AGN is a supermassive black hole surrounded by a rapidly rotating accretion disk. 

The core of Active Galactic Nucleus (AGN) is a supermassive black hole at the center of a galaxy that is actively accreting matter.

The gas and dust swirls around the spinning black hole before being pulled in beyond the event horizon and on to the black hole.  This swirling disk of gas and dust is called accretion disk. 

As the gas and dust from the accretion disk spirals into the spinning black hole, they experience friction with the other particles in the disk, causing the gas and dust to heat up (frictional heating) significantly.

Thus, the gas and dust falling into a supermassive black hole from the accretion disk emit electromagnetic radiation across the entire  electromagnetic spectrum, from radio waves to gamma rays.

Near the event horizon of a black hole, the accretion disk temperature may reach up to one hundred million kelvins. Matter at such high temperature emits high-energy thermal radiation, typically X-rays.

Quasars (QSOs), Blazars, Seyfert Galaxies, Radio Galaxies are galaxies having AGN at their core.

Quasar

Quasar is a galaxy which has the brightest or most luminous type of active galactic nucleus (AGN) at its core.

If the gas and dust falling into a supermassive black hole from the accretion disk emits significant electromagnetic radiation in visible spectrum, then the galactic core becomes far brighter than the rest of the galaxy.
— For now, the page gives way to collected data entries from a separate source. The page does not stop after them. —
lemma tendsto_powr_second_order_remainder:
  fixes p c a :: real
  assumes p: "p > 0"
  shows "((\<lambda>x. ((p + c * x) powr a - p powr a - a * p powr (a - 1) * c * x) / x\<^sup>2)
           \<longlongrightarrow> a * (a - 1) / 2 * p powr (a - 2) * c\<^sup>2) (at_right 0)"
proof -
  have "((\<lambda>x. p + c * x) \<longlongrightarrow> p) (at_right 0)"
    by (auto intro!: tendsto_eq_intros)
  then have base_pos: "\<forall>\<^sub>F x in at_right 0. p + c * x > 0"
    using p by (rule order_tendstoD(1))
  have "((\<lambda>x. (p + c * x) powr (a - 1)) has_real_derivative (a - 1) * p powr (a - 1 - 1) * c) (at 0)"
    using p by (auto intro!: derivative_eq_intros)
  then have "((\<lambda>x. ((p + c * x) powr (a - 1) - p powr (a - 1)) / x) \<longlongrightarrow> (a - 1) * p powr (a - 1 - 1) * c)
      (at_right 0)"
    unfolding has_field_derivative_iff by (auto intro: tendsto_within_subset)
  from tendsto_mult_left[OF this, of "a * c / 2"]
  have quotient: "((\<lambda>x. (a * c * (p + c * x) powr (a - 1) - a * p powr (a - 1) * c) / (2 * x))
      \<longlongrightarrow> a * (a - 1) / 2 * p powr (a - 2) * c\<^sup>2) (at_right 0)"
    by (simp add: field_simps power2_eq_square diff_diff_eq)
  show ?thesis
  proof (rule lhopital_right_0[OF _ _ _ _ _ _ quotient])
    show "((\<lambda>x. (p + c * x) powr a - p powr a - a * p powr (a - 1) * c * x) \<longlongrightarrow> 0) (at_right 0)"
      using p by (auto intro!: tendsto_eq_intros)
    show "((\<lambda>x::real. x\<^sup>2) \<longlongrightarrow> 0) (at_right 0)"
      by (auto intro!: tendsto_eq_intros)
    show "\<forall>\<^sub>F x in at_right 0. (x::real)\<^sup>2 \<noteq> 0" and "\<forall>\<^sub>F x in at_right 0. 2 * (x::real) \<noteq> 0"
      by (auto simp: eventually_at_right_field intro: exI[of _ 1])
    show "\<forall>\<^sub>F x in at_right 0. ((\<lambda>x. (p + c * x) powr a - p powr a - a * p powr (a - 1) * c * x)
        has_real_derivative a * c * (p + c * x) powr (a - 1) - a * p powr (a - 1) * c) (at x)"
      using base_pos by eventually_elim (auto intro!: derivative_eq_intros simp: field_simps)
    show "\<forall>\<^sub>F x in at_right 0. ((\<lambda>x::real. x\<^sup>2) has_real_derivative 2 * x) (at x)"
      by (auto intro!: derivative_eq_intros always_eventually)
  qed
qed
lemma sg_iso_lam_by_generators:
  assumes sub: "\<forall>y\<in>Y. gens y \<subseteq> Pow X"
    and lk: "\<forall>y\<in>Y. linked (gens y)"
    and dec: "\<forall>y\<in>Y. decisive X (gens y)"
    and prod: "\<forall>y1\<in>Y. \<forall>y2\<in>Y. n y1 y2 \<in> Y \<and> products_generated m (gens y1) (gens y2) (gens (n y1 y2))"
    and separating: "\<forall>y1\<in>Y. \<forall>y2\<in>Y. gens y1 \<subseteq> up_closure X (gens y2) \<longrightarrow> y1 = y2"
    and classify: "\<And>F. maximal_linked X F \<Longrightarrow> \<exists>y\<in>Y. gens y \<subseteq> F"
  shows "sg_iso (lam X) (lam_op X m) Y n"
proof (rule sg_iso_by_bij_hom)
  let ?g = "\<lambda>y. up_closure X (gens y)"
  have ml: "maximal_linked X (?g y)" if "y \<in> Y" for y
    using that sub lk dec by (intro maximal_linked_up_closure) auto
  have "inj_on ?g Y"
  proof (rule inj_onI)
    fix y1 y2 assume "y1 \<in> Y" "y2 \<in> Y" "?g y1 = ?g y2"
    moreover have "gens y1 \<subseteq> ?g y1" using sub \<open>y1 \<in> Y\<close> unfolding up_closure_def by blast
    ultimately have "gens y1 \<subseteq> up_closure X (gens y2)" by simp
    thus "y1 = y2" using separating \<open>y1 \<in> Y\<close> \<open>y2 \<in> Y\<close> by blast
  qed
  moreover have "?g ` Y = lam X"
  proof
    show "?g ` Y \<subseteq> lam X" using ml unfolding lam_def by auto
    show "lam X \<subseteq> ?g ` Y"
    proof
      fix F assume "F \<in> lam X"
      hence F: "maximal_linked X F" unfolding lam_def by simp
      then obtain y where y: "y \<in> Y" "gens y \<subseteq> F" using classify by blast
      hence "F = ?g y" using maximal_linked_eq_up_closure[OF F y(2)] dec by blast
      thus "F \<in> ?g ` Y" using \<open>y \<in> Y\<close> by blast
    qed
  qed
  ultimately show "bij_betw ?g Y (lam X)" unfolding bij_betw_def by blast
  show "\<forall>y1\<in>Y. \<forall>y2\<in>Y. n y1 y2 \<in> Y \<and> ?g (n y1 y2) = lam_op X m (?g y1) (?g y2)"
  proof (intro ballI conjI)
    fix y1 y2 assume y: "y1 \<in> Y" "y2 \<in> Y"
    show ny: "n y1 y2 \<in> Y" using prod y by blast
    show "?g (n y1 y2) = lam_op X m (?g y1) (?g y2)"
      using lam_op_up_closure[OF ml[OF y(1)] ml[OF y(2)] ml[OF ny]] sub prod y by simp
  qed
qed

lemma Cset_2: "Cset 2 = {1, -1}"
  unfolding Cset_def by (auto simp: power2_eq_1_iff)

lemma Lset_1: "Lset 1 = {0}"
  unfolding Lset_def by auto

lemma Lset_2: "Lset 2 = {0, 1}"
  unfolding Lset_def by auto

text \<open>The first instance: X = L1 + C2 has three points, and lambda(X) consists of the two
  principal families at the points of C2, the principal family at the point of L1, and the
  family generated by the three two-point sets (the co-singletons).\<close>

definition X5 :: "(nat + complex) set" where
  "X5 = {Inl 0, Inr 1, Inr (-1)}"

definition Y5 :: "(nat + (nat + complex)) set" where
  "Y5 = {Inl 0, Inr (Inl 0), Inr (Inr 1), Inr (Inr (-1))}"

lemma X5_eq: "dou (Lset 1) (Cset 2) = X5"
  unfolding X5_def dou_def Lset_1 Cset_2 by auto

lemma Y5_eq: "dou (Lset 1) X5 = Y5"
  unfolding Y5_def X5_def dou_def Lset_1 by auto

lemma co_singletons_X5: "co_singletons X5 = {{Inr 1, Inr (-1)}, {Inl 0, Inr (-1)}, {Inl 0, Inr 1}}"
  unfolding co_singletons_def X5_def by auto

fun gens5 :: "nat + (nat + complex) \<Rightarrow> (nat + complex) set set" where
  "gens5 (Inl _) = {{Inl 0}}"
| "gens5 (Inr (Inl _)) = co_singletons X5"
| "gens5 (Inr (Inr c)) = {{Inr c}}"

lemma gens5_subset: "\<forall>y\<in>Y5. gens5 y \<subseteq> Pow X5"
  unfolding Y5_def by (auto simp: co_singletons_def X5_def)

lemma gens5_linked: "\<forall>y\<in>Y5. linked (gens5 y)"
  unfolding Y5_def linked_def by (simp add: co_singletons_X5)

lemma gens5_decisive: "\<forall>y\<in>Y5. decisive X5 (gens5 y)"
  unfolding Y5_def decisive_def
  by (simp add: co_singletons_X5, simp add: X5_def Pow_insert ex_disj_distrib)

lemma gens5_products: "\<forall>y1\<in>Y5. \<forall>y2\<in>Y5. dou_op min (dou_op min (*)) y1 y2 \<in> Y5 \<and>
   products_generated (dou_op min (*)) (gens5 y1) (gens5 y2) (gens5 (dou_op min (dou_op min (*)) y1 y2))"
  unfolding Y5_def products_generated_def by (simp add: co_singletons_X5)

lemma gens5_separating: "\<forall>y1\<in>Y5. \<forall>y2\<in>Y5. gens5 y1 \<subseteq> up_closure X5 (gens5 y2) \<longrightarrow> y1 = y2"
  unfolding Y5_def up_closure_def by (simp add: co_singletons_X5)

lemma gens5_classify:
  assumes "maximal_linked X5 F"
  shows "\<exists>y\<in>Y5. gens5 y \<subseteq> F"
  using maximal_linked_singleton_or_co_singletons[OF assms] by (auto simp: Y5_def X5_def)

text \<open>Besides the four principal families,
  a maximal linked family contains all three-point sets and exactly one set from each of the
  three complementary pairs of two-point sets; all eight choices occur.  For the element
  (Inl (Inr (i, j)), c) the chosen two-point sets are the row {i} x C2, the column L2 x {c}
  and the "twisted diagonal" through (0, c (-1)^j); when i = j these form a star and the
  three-point set opposite its centre has to be added as a generator.\<close>

definition X6 :: "(nat \<times> complex) set" where
  "X6 = {(0, 1), (0, -1), (1, 1), (1, -1)}"

definition Y6 :: "(((nat + nat \<times> nat) + nat) \<times> complex) set" where
  "Y6 = {(Inl (Inl 0), 1), (Inl (Inl 0), -1), (Inr 0, 1), (Inr 0, -1),
         (Inl (Inr (0, 0)), 1), (Inl (Inr (0, 1)), 1), (Inl (Inr (1, 0)), 1), (Inl (Inr (1, 1)), 1),
         (Inl (Inr (0, 0)), -1), (Inl (Inr (0, 1)), -1), (Inl (Inr (1, 0)), -1), (Inl (Inr (1, 1)), -1)}"

lemma X6_eq: "Lset 2 \<times> Cset 2 = X6"
  unfolding X6_def Lset_2 Cset_2 by auto
(* Let $A$ be an $m\times n$ matrix with entries in $[-1,1]$, no zero column, and at most $L$ nonzero entries in each row, and let $H$ be the smallest absolute value of a nonzero entry of $A$. Then the expected shuffle size of DIMSUM with parameter $\gamma$ (the expected total number of emissions) is at most $\gamma\, n L/H^2$; in particular it is $O(nL\gamma/H^2)$, independent of $m$.
   Context: Let $A=(a_{ki})$ be an $m\times n$ real matrix with rows $r_1,\dots,r_m$ and columns $c_1,\dots,c_n$; $\|c_i\|$ is the Euclidean norm of column $i$ (assumed nonzero). DIMSUM with parameter $\gamma>0$ is the following randomized procedure. For each pair of distinct column indices $(i,j)$ set $p_{ij}=\min\!\left(1,\frac{\gamma}{\|c_i\|\|c_j\|}\right)$. For each row $k$ and each pair $(i,j)$ with $a_{ki}a_{kj}\neq 0$, independently (over all $k$ and all pairs) with probability $p_{ij}$ the value $a_{ki}a_{kj}$ is emitted to key $(i,j)$ (one "emission"). The shuffle size is the total number of emissions. *)

theory Defs
  imports "HOL-Probability.Probability"
begin

text \<open>An m x n real matrix is represented as A :: nat => nat => real, with
  entry a_ki = A k i for k < m (rows) and i < n (columns).\<close>

definition col_norm :: "(nat \<Rightarrow> nat \<Rightarrow> real) \<Rightarrow> nat \<Rightarrow> nat \<Rightarrow> real" where
  "col_norm A m i = sqrt (\<Sum>k<m. (A k i)\<^sup>2)"

definition dimsum_prob :: "(nat \<Rightarrow> nat \<Rightarrow> real) \<Rightarrow> nat \<Rightarrow> real \<Rightarrow> nat \<Rightarrow> nat \<Rightarrow> real" where
  "dimsum_prob A m \<gamma> i j = min 1 (\<gamma> / (col_norm A m i * col_norm A m j))"

definition dimsum_slots :: "(nat \<Rightarrow> nat \<Rightarrow> real) \<Rightarrow> nat \<Rightarrow> nat \<Rightarrow> (nat \<times> nat \<times> nat) set" where
  "dimsum_slots A m n = {(k, i, j). k < m \<and> i < n \<and> j < n \<and> i \<noteq> j \<and> A k i * A k j \<noteq> 0}"

text \<open>The random outcome of DIMSUM: for every slot independently, whether the value
  is emitted (with probability p_ij).\<close>
definition dimsum_outcome :: "(nat \<Rightarrow> nat \<Rightarrow> real) \<Rightarrow> nat \<Rightarrow> nat \<Rightarrow> real \<Rightarrow> (nat \<times> nat \<times> nat \<Rightarrow> bool) pmf" where
  "dimsum_outcome A m n \<gamma> =
     Pi_pmf (dimsum_slots A m n) False (\<lambda>(k, i, j). bernoulli_pmf (dimsum_prob A m \<gamma> i j))"

definition shuffle_size :: "(nat \<Rightarrow> nat \<Rightarrow> real) \<Rightarrow> nat \<Rightarrow> nat \<Rightarrow> (nat \<times> nat \<times> nat \<Rightarrow> bool) \<Rightarrow> nat" where
  "shuffle_size A m n \<omega> = card {s \<in> dimsum_slots A m n. \<omega> s}"

definition expected_shuffle_size :: "(nat \<Rightarrow> nat \<Rightarrow> real) \<Rightarrow> nat \<Rightarrow> nat \<Rightarrow> real \<Rightarrow> real" where
  "expected_shuffle_size A m n \<gamma> =
     measure_pmf.expectation (dimsum_outcome A m n \<gamma>) (\<lambda>\<omega>. real (shuffle_size A m n \<omega>))"

end

theory Submission
  imports Defs
begin

text \<open>Each slot (k, i, j) is emitted with probability at most
  \<open>\<gamma> / (|c_i| |c_j|) \<le> \<gamma>/2 (1/|c_i|^2 + 1/|c_j|^2)\<close>, and the slots are
  symmetric in i and j, so the expected shuffle size is at most \<open>\<gamma> \<Sum>_(k,i,j) 1/|c_i|^2\<close>.
  For a fixed column i, each of the nz_i rows with a_ki nonzero contributes at most L slots,
  while \<open>|c_i|^2 \<ge> nz_i H^2\<close>; so column i contributes at most \<open>L/H^2\<close>.\<close>

lemma expectation_card_Pi_bernoulli:
  fixes S :: "'a set" and q :: "'a \<Rightarrow> real"
  assumes fin: "finite S" and q: "\<And>s. s \<in> S \<Longrightarrow> 0 \<le> q s \<and> q s \<le> 1"
  shows "measure_pmf.expectation (Pi_pmf S False (\<lambda>s. bernoulli_pmf (q s)))
           (\<lambda>\<omega>. real (card {s \<in> S. \<omega> s})) = (\<Sum>s\<in>S. q s)"
proof -
  let ?P = "Pi_pmf S False (\<lambda>s. bernoulli_pmf (q s))"
  let ?ind = "\<lambda>s \<omega>. if \<omega> s then 1 else (0::real)"
  have card_eq: "real (card {s \<in> S. \<omega> s}) = (\<Sum>s\<in>S. ?ind s \<omega>)" for \<omega> :: "'a \<Rightarrow> bool"
  proof -
    have "S \<inter> Collect \<omega> = {s \<in> S. \<omega> s}" by auto
    thus ?thesis using fin by (simp add: sum.If_cases)
  qed
  have integrable: "integrable (measure_pmf ?P) (?ind s)" for s
    by (rule measure_pmf.integrable_const_bound[where B=1]) auto
  have expectation_ind: "measure_pmf.expectation ?P (?ind s) = q s" if "s \<in> S" for s
  proof -
    have "measure_pmf.expectation ?P (?ind s)
        = measure_pmf.expectation (map_pmf (\<lambda>f. f s) ?P) (\<lambda>b. if b then 1 else (0::real))"
      by simp
    also have "map_pmf (\<lambda>f. f s) ?P = bernoulli_pmf (q s)"
      by (subst Pi_pmf_component[OF fin]) (simp add: that)
    finally show ?thesis using q[OF that] by simp
  qed
  have "measure_pmf.expectation ?P (\<lambda>\<omega>. real (card {s \<in> S. \<omega> s}))
      = (\<Sum>s\<in>S. measure_pmf.expectation ?P (?ind s))"
    unfolding card_eq by (rule Bochner_Integration.integral_sum) (use integrable in auto)
  also have "\<dots> = (\<Sum>s\<in>S. q s)" by (rule sum.cong) (auto simp: expectation_ind)
  finally show ?thesis .
qed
Thus, these galaxies look much like stars: point-like, without the fuzzy halo normally associated with a galaxy.

Since these galaxies look much like stars, they are called Quasi-Stellar Objects or QSOs.

QSOs are of two types: radio-quiet QSOs and radio-loud QSOs.

Radio-loud QSOs are called Quasi-Stellar Radio Sources of Quasars.

However, it is common to use the term ‘quasar’ for both radio-quiet and radio-loud QSOs.

Black holes at the center of radio-loud QSOs i.e. at the center of radio-loud quasar spew powerful jets of plasma from their poles and are strong source of radio waves. About 10% of the known quasars are radio loud.

Jets of plasma are millions of light years across intergalactic space. The plasma gas is so hot that it’s essentially a soup of electrons moving with the velocity nearly equal to that of light.

The jets are created by the interaction between the spinning black hole's magnetic field and the material in the accretion disk. 

The relativistic electrons in the jets of quasars emit synchrotron radiation. For relativistic electrons, the synchrotron radiation falls within the radio wave spectrum.

This synchrotron radiation is concentrated into a narrow cone in the direction of the electron's motion.

Black holes at the center of radio-quiet QSOs i.e. at the center of radio-quiet quasar lack powerful jets of plasma and are weak source of radio waves. About 90% of the known quasars are radio quiet.

Quasars are small, blue objects which have enormous redshifts, suggesting that they are at great distancs from Milky Way which imply they had formed in the early universe and through the telescopes, we can see how they looked like in their early stages of development.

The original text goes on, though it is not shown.